YOUR ASSIGNMENT: Every line of the entries below from the one containing "unfolding decseq_Suc_iff" to the one containing "using N[OF m(2)] by (simp add: x_Suc)", both ends included, must be written out exactly. No other line belongs in the answer.

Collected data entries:
text \<open>\<open>(exp\<^sup>n)'(z)\<close> has modulus \<open>exp (\<Sum>j<n. Re z\<^sub>j)\<close> along the orbit \<open>z\<^sub>j\<close>
  of \<open>z\<close>. An orbit that never meets the real line cannot have this derivative
  dominated by a fixed multiple of \<open>|Im z\<^sub>n|\<close>.\<close>
context
  fixes z :: complex and C :: real
  assumes Im_orbit_nonzero: "\<And>n. Im ((exp ^^ n) z) \<noteq> 0"
    and orbit_derivative_dominated:
      "\<And>n. exp (\<Sum>j<n. Re ((exp ^^ j) z)) \<le> C * \<bar>Im ((exp ^^ n) z)\<bar>"
begin

lemma orbit_dominating_constant_pos: "0 < C"
proof -
  have "0 < C * \<bar>Im z\<bar>"
    using orbit_derivative_dominated[of 0] by (simp add: less_le_trans[OF exp_gt_zero])
  then show ?thesis
    using Im_orbit_nonzero[of 0] by (simp add: zero_less_mult_iff)
qed

text \<open>The ratio \<open>(Im z\<^sub>n / |(exp\<^sup>n)'(z)|)\<^sup>2\<close> stays above \<open>1/C\<^sup>2\<close> but is multiplied by
  \<open>(sin y / y)\<^sup>2 \<le> 1\<close>, \<open>y = Im z\<^sub>n\<close>, in every step, and by at most \<open>3/4\<close> whenever
  \<open>cos y \<le> 1/2\<close>.\<close>
lemma eventually_cos_Im_orbit_gt_half: "\<exists>N. \<forall>n\<ge>N. 1/2 < cos (Im ((exp ^^ n) z))"
proof (rule ccontr)
  assume "\<not> ?thesis"
  then have frequently: "\<exists>n\<ge>N. cos (Im ((exp ^^ n) z)) \<le> 1/2" for N
    by (auto simp: not_less)
  define y where "y n = Im ((exp ^^ n) z)" for n
  define P where "P n = exp (\<Sum>j<n. Re ((exp ^^ j) z))" for n
  define s where "s n = (y n)\<^sup>2 / (P n)\<^sup>2" for n
  have y_Suc: "y (Suc n) = exp (Re ((exp ^^ n) z)) * sin (y n)" for n
    by (simp add: y_def Im_exp)
  have P_Suc: "P (Suc n) = P n * exp (Re ((exp ^^ n) z))" for n
    by (simp add: P_def exp_add)
  have y_nonzero: "y n \<noteq> 0" for n
    using Im_orbit_nonzero by (simp add: y_def)
  have s_Suc: "s (Suc n) = s n * ((sin (y n))\<^sup>2 / (y n)\<^sup>2)" for n
    unfolding s_def y_Suc P_Suc using y_nonzero[of n] by (simp add: power_mult_distrib)
  have "decseq s"
    unfolding decseq_Suc_iff
  proof
    fix n
    have "(sin (y n))\<^sup>2 \<le> (y n)\<^sup>2"
      using abs_sin_x_le_abs_x[of "y n"] by (metis abs_ge_zero power2_abs power_mono)
    then have "(sin (y n))\<^sup>2 / (y n)\<^sup>2 \<le> 1"
      using y_nonzero[of n] by simp
    then show "s (Suc n) \<le> s n"
      unfolding s_Suc by (rule mult_left_le) (simp add: s_def)
  qed
  moreover have "\<exists>n\<ge>N. s (Suc n) \<le> 3/4 * s n" for N
  proof -
    obtain n where "n \<ge> N" "cos (y n) \<le> 1/2"
      using frequently unfolding y_def by blast
    then have "(sin (y n))\<^sup>2 / (y n)\<^sup>2 \<le> 3/4"
      using sin_power2_le_of_cos_le_half y_nonzero[of n] by (simp add: divide_le_eq)
    then have "s (Suc n) \<le> s n * (3/4)"
      unfolding s_Suc by (rule mult_left_mono) (simp add: s_def)
    then show ?thesis
      using \<open>n \<ge> N\<close> by (auto simp: mult.commute)
  qed
  ultimately obtain n where "s n < 1 / C\<^sup>2"
    using decseq_frequently_contracting_small[of s "3/4" "1 / C\<^sup>2"] orbit_dominating_constant_pos
    by auto
  moreover have "P n \<le> C * \<bar>y n\<bar>"
    using orbit_derivative_dominated by (simp add: P_def y_def)
  then have "(P n)\<^sup>2 \<le> (C * \<bar>y n\<bar>)\<^sup>2"
    by (rule power_mono) (simp add: P_def)
  then have "1 / C\<^sup>2 \<le> s n"
    using orbit_dominating_constant_pos by (simp add: s_def P_def field_simps)
  ultimately show False
    by simp
qed

text \<open>Eventually \<open>Re z\<^sub>n \<ge> 1/2\<close>, so the derivative grows without bound, while
  \<open>|Im z\<^sub>n\<^sub>+\<^sub>1| \<le> exp (Re z\<^sub>n)\<close> keeps it below \<open>C\<close>.\<close>
lemma Im_dominated_exp_orbit_False: False
proof -
  define x where "x n = Re ((exp ^^ n) z)" for n
  have x_Suc: "x (Suc n) = exp (x n) * cos (Im ((exp ^^ n) z))" for n
    by (simp add: x_def Re_exp)
  obtain N where N: "\<And>n. N \<le> n \<Longrightarrow> 1/2 < cos (Im ((exp ^^ n) z))"
    using eventually_cos_Im_orbit_gt_half by blast
  have x_ge: "1/2 \<le> x n" if n: "N + 2 \<le> n" for n
  proof -
    define m where "m = n - 2"
    have m: "n = Suc (Suc m)" "N \<le> m"
      using n by (auto simp: m_def)
    have "0 < x (Suc m)"
      using N[OF m(2)] by (simp add: x_Suc)
    then have "1 * (1/2) \<le> exp (x (Suc m)) * cos (Im ((exp ^^ Suc m) z))"
      using N[of "Suc m"] m(2) by (intro mult_mono) auto
    then show ?thesis
      using m(1) by (simp add: x_Suc)
  qed
  have bounded: "(\<Sum>j<n. x j) \<le> ln C" for n
  proof -
    have "exp (\<Sum>j<n. x j) * exp (x n) \<le> C * (exp (x n) * \<bar>sin (Im ((exp ^^ n) z))\<bar>)"
      using orbit_derivative_dominated[of "Suc n"] by (simp add: x_def exp_add Im_exp abs_mult)
    also have "\<dots> \<le> C * exp (x n)"
      using orbit_dominating_constant_pos by simp
    finally have "exp (\<Sum>j<n. x j) \<le> C"
      by simp
    then show ?thesis
      using orbit_dominating_constant_pos by (simp add: ln_ge_iff)
  qed
  have unbounded: "(\<Sum>j<N + 2. x j) + real k / 2 \<le> (\<Sum>j<N + 2 + k. x j)" for k
  proof (induction k)
    case (Suc k)
    have "(\<Sum>j<N + 2 + Suc k. x j) = (\<Sum>j<N + 2 + k. x j) + x (N + 2 + k)"
      by (simp only: add_Suc_right sum.lessThan_Suc)
    then show ?case
      unfolding of_nat_Suc add_divide_distrib using Suc.IH x_ge[of "N + 2 + k", OF le_add1] by linarith
  qed simp
  obtain k :: nat where "ln C - (\<Sum>j<N + 2. x j) < real k / 2"
    using reals_Archimedean2[of "2 * (ln C - (\<Sum>j<N + 2. x j))"] by (auto simp: field_simps)
  then show False
    using unbounded[of k] bounded[of "N + 2 + k"] by linarith
qed

end

lemma exp_orbit_meets_reals:
  fixes z0 :: complex
  assumes "0 < \<delta>"
  shows "\<exists>z\<in>ball z0 \<delta>. \<exists>m. (exp ^^ m) z \<in> \<real>"
proof (rule ccontr)
  assume "\<not> ?thesis"
  then have Im_nonzero: "Im ((exp ^^ n) z) \<noteq> 0" if "z \<in> ball z0 \<delta>" for z n
    using that by (auto simp: complex_is_Real_iff)
  have "exp (\<Sum>j<n. Re ((exp ^^ j) z0)) \<le> 2 / \<delta> * \<bar>Im ((exp ^^ n) z0)\<bar>" for n
  proof -
    have "norm (\<Prod>j<n. exp ((exp ^^ j) z0)) \<le> 2 * \<bar>Im ((exp ^^ n) z0)\<bar> / \<delta>"
      using Im_nonzero
      by (intro norm_deriv_le_abs_Im[OF assms holomorphic_on_funpow_exp has_field_derivative_funpow_exp])
        auto
    moreover have "norm (\<Prod>j<n. exp ((exp ^^ j) z0)) = exp (\<Sum>j<n. Re ((exp ^^ j) z0))"
      by (simp add: prod_norm[symmetric] exp_sum)
    ultimately show ?thesis
      by simp
  qed
  then show False
    using Im_dominated_exp_orbit_False[of z0 "2 / \<delta>"] Im_nonzero assms by auto
qed

lemma inverse_branch_exp_from_open:
  fixes U :: "complex set"
  assumes "open U" "U \<noteq> {}" "0 \<le> \<rho>" "\<rho> < norm w"
  shows "\<exists>n>0. inverse_branch exp n U (cball w \<rho>)"
proof -
  obtain z0 e where "0 < e" "ball z0 e \<subseteq> U"
    using assms(1,2) openE by (metis ex_in_conv)
  then obtain z m where "z \<in> U" "(exp ^^ m) z \<in> \<real>"
    using exp_orbit_meets_reals[of e z0] by blast
  moreover obtain r where "0 < r" "cball z r \<subseteq> U"
    using open_contains_cball assms(1) \<open>z \<in> U\<close> by blast
  ultimately show ?thesis
    using inverse_branch_exp_from_real_orbit[of m z r \<rho> w] assms(3,4) inverse_branch_mono by blast
qed

lemma exists_nonzero_near:
  fixes x :: "'a::real_normed_algebra_1"
  assumes "0 < e"
  shows "\<exists>p. p \<noteq> 0 \<and> dist p x < e"
proof (cases "x = 0")
  case True
  then show ?thesis
    using assms by (intro exI[of _ "of_real (e / 2)"]) (simp add: dist_norm)
next
  case False
  then show ?thesis
    using assms by (intro exI[of _ x]) simp
qed

lemma exp_periodic_point_near:
  fixes x :: complex
  assumes "0 < e"
  shows "\<exists>q. periodic_point exp q \<and> dist q x < e"
proof -
  obtain p where "p \<noteq> 0" "dist p x < e / 2"
    using exists_nonzero_near[of "e / 2" x] assms by auto
  define r where "r = min (norm p / 2) (e / 2)"
  have r: "0 < r" "r < norm p" "r \<le> e / 2"
    using \<open>p \<noteq> 0\<close> assms by (auto simp: r_def min_less_iff_disj)
  then obtain n where "0 < n" "inverse_branch exp n (ball p r) (cball p r)"
    using inverse_branch_exp_from_open[of "ball p r" r p] by auto
  then have "inverse_branch exp n (cball p r) (cball p r)"
    using inverse_branch_mono ball_subset_cball by blast
  then obtain q where "q \<in> cball p r" "(exp ^^ n) q = q"
    using inverse_branch_cball_fixed_point r(1) by blast
  then have "periodic_point exp q"
    unfolding periodic_point_def using \<open>0 < n\<close> by (intro exI[of _ n]) simp
  moreover have "dist q x < e"
    using dist_triangle[of q x p] \<open>q \<in> cball p r\<close> \<open>dist p x < e / 2\<close> r(3)
    by (simp add: dist_commute)
  ultimately show ?thesis
    by blast
qed

lemma exp_topologically_transitive:
  fixes U V :: "complex set"
  assumes "open U" "open V" "U \<noteq> {}" "V \<noteq> {}"
  shows "\<exists>z\<in>U. \<exists>n. (exp ^^ n) z \<in> V"
proof -
  obtain v e where "0 < e" "ball v e \<subseteq> V"
    using assms(2,4) openE by (metis ex_in_conv)
  moreover obtain w where "w \<noteq> 0" "dist w v < e"
    using exists_nonzero_near[OF \<open>0 < e\<close>] by blast
  ultimately have "w \<in> V"
    by (auto simp: dist_commute)
  obtain n where "inverse_branch exp n U (cball w 0)"
    using inverse_branch_exp_from_open[OF assms(1,3), of 0 w] \<open>w \<noteq> 0\<close> by auto
  then obtain u where "u \<in> U" "(exp ^^ n) u = w"
    using inverse_branch_imp_preimage[of exp n U "cball w 0" w] by auto
  then show ?thesis
    using \<open>w \<in> V\<close> by metis
qed

theorem mainTheorem2:
  shows "devaney_chaotic UNIV exp"
  unfolding devaney_chaotic_def
proof (intro conjI)
  show "infinite (UNIV :: complex set)"
    by (rule infinite_UNIV_char_0)
  show "exp ` UNIV \<subseteq> (UNIV :: complex set)"
    by simp
  show "continuous_on UNIV (exp :: complex \<Rightarrow> complex)"
    by (intro continuous_intros)
  show "UNIV \<subseteq> closure {x \<in> UNIV. periodic_point exp x}"
    using exp_periodic_point_near by (auto simp: closure_approachable)
  show "\<forall>U V :: complex set. open U \<and> open V \<and> U \<inter> UNIV \<noteq> {} \<and> V \<inter> UNIV \<noteq> {} \<longrightarrow>
      (\<exists>z\<in>U \<inter> UNIV. \<exists>n. (exp ^^ n) z \<in> V)"
  proof (intro allI impI)
    fix U V :: "complex set"
    assume "open U \<and> open V \<and> U \<inter> UNIV \<noteq> {} \<and> V \<inter> UNIV \<noteq> {}"
    then show "\<exists>z\<in>U \<inter> UNIV. \<exists>n. (exp ^^ n) z \<in> V"
      using exp_topologically_transitive[of U V] by simp
  qed
qed

end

RESULT OF THE TASK:
    unfolding decseq_Suc_iff
  proof
    fix n
    have "(sin (y n))\<^sup>2 \<le> (y n)\<^sup>2"
      using abs_sin_x_le_abs_x[of "y n"] by (metis abs_ge_zero power2_abs power_mono)
    then have "(sin (y n))\<^sup>2 / (y n)\<^sup>2 \<le> 1"
      using y_nonzero[of n] by simp
    then show "s (Suc n) \<le> s n"
      unfolding s_Suc by (rule mult_left_le) (simp add: s_def)
  qed
  moreover have "\<exists>n\<ge>N. s (Suc n) \<le> 3/4 * s n" for N
  proof -
    obtain n where "n \<ge> N" "cos (y n) \<le> 1/2"
      using frequently unfolding y_def by blast
    then have "(sin (y n))\<^sup>2 / (y n)\<^sup>2 \<le> 3/4"
      using sin_power2_le_of_cos_le_half y_nonzero[of n] by (simp add: divide_le_eq)
    then have "s (Suc n) \<le> s n * (3/4)"
      unfolding s_Suc by (rule mult_left_mono) (simp add: s_def)
    then show ?thesis
      using \<open>n \<ge> N\<close> by (auto simp: mult.commute)
  qed
  ultimately obtain n where "s n < 1 / C\<^sup>2"
    using decseq_frequently_contracting_small[of s "3/4" "1 / C\<^sup>2"] orbit_dominating_constant_pos
    by auto
  moreover have "P n \<le> C * \<bar>y n\<bar>"
    using orbit_derivative_dominated by (simp add: P_def y_def)
  then have "(P n)\<^sup>2 \<le> (C * \<bar>y n\<bar>)\<^sup>2"
    by (rule power_mono) (simp add: P_def)
  then have "1 / C\<^sup>2 \<le> s n"
    using orbit_dominating_constant_pos by (simp add: s_def P_def field_simps)
  ultimately show False
    by simp
qed

text \<open>Eventually \<open>Re z\<^sub>n \<ge> 1/2\<close>, so the derivative grows without bound, while
  \<open>|Im z\<^sub>n\<^sub>+\<^sub>1| \<le> exp (Re z\<^sub>n)\<close> keeps it below \<open>C\<close>.\<close>
lemma Im_dominated_exp_orbit_False: False
proof -
  define x where "x n = Re ((exp ^^ n) z)" for n
  have x_Suc: "x (Suc n) = exp (x n) * cos (Im ((exp ^^ n) z))" for n
    by (simp add: x_def Re_exp)
  obtain N where N: "\<And>n. N \<le> n \<Longrightarrow> 1/2 < cos (Im ((exp ^^ n) z))"
    using eventually_cos_Im_orbit_gt_half by blast
  have x_ge: "1/2 \<le> x n" if n: "N + 2 \<le> n" for n
  proof -
    define m where "m = n - 2"
    have m: "n = Suc (Suc m)" "N \<le> m"
      using n by (auto simp: m_def)
    have "0 < x (Suc m)"
      using N[OF m(2)] by (simp add: x_Suc)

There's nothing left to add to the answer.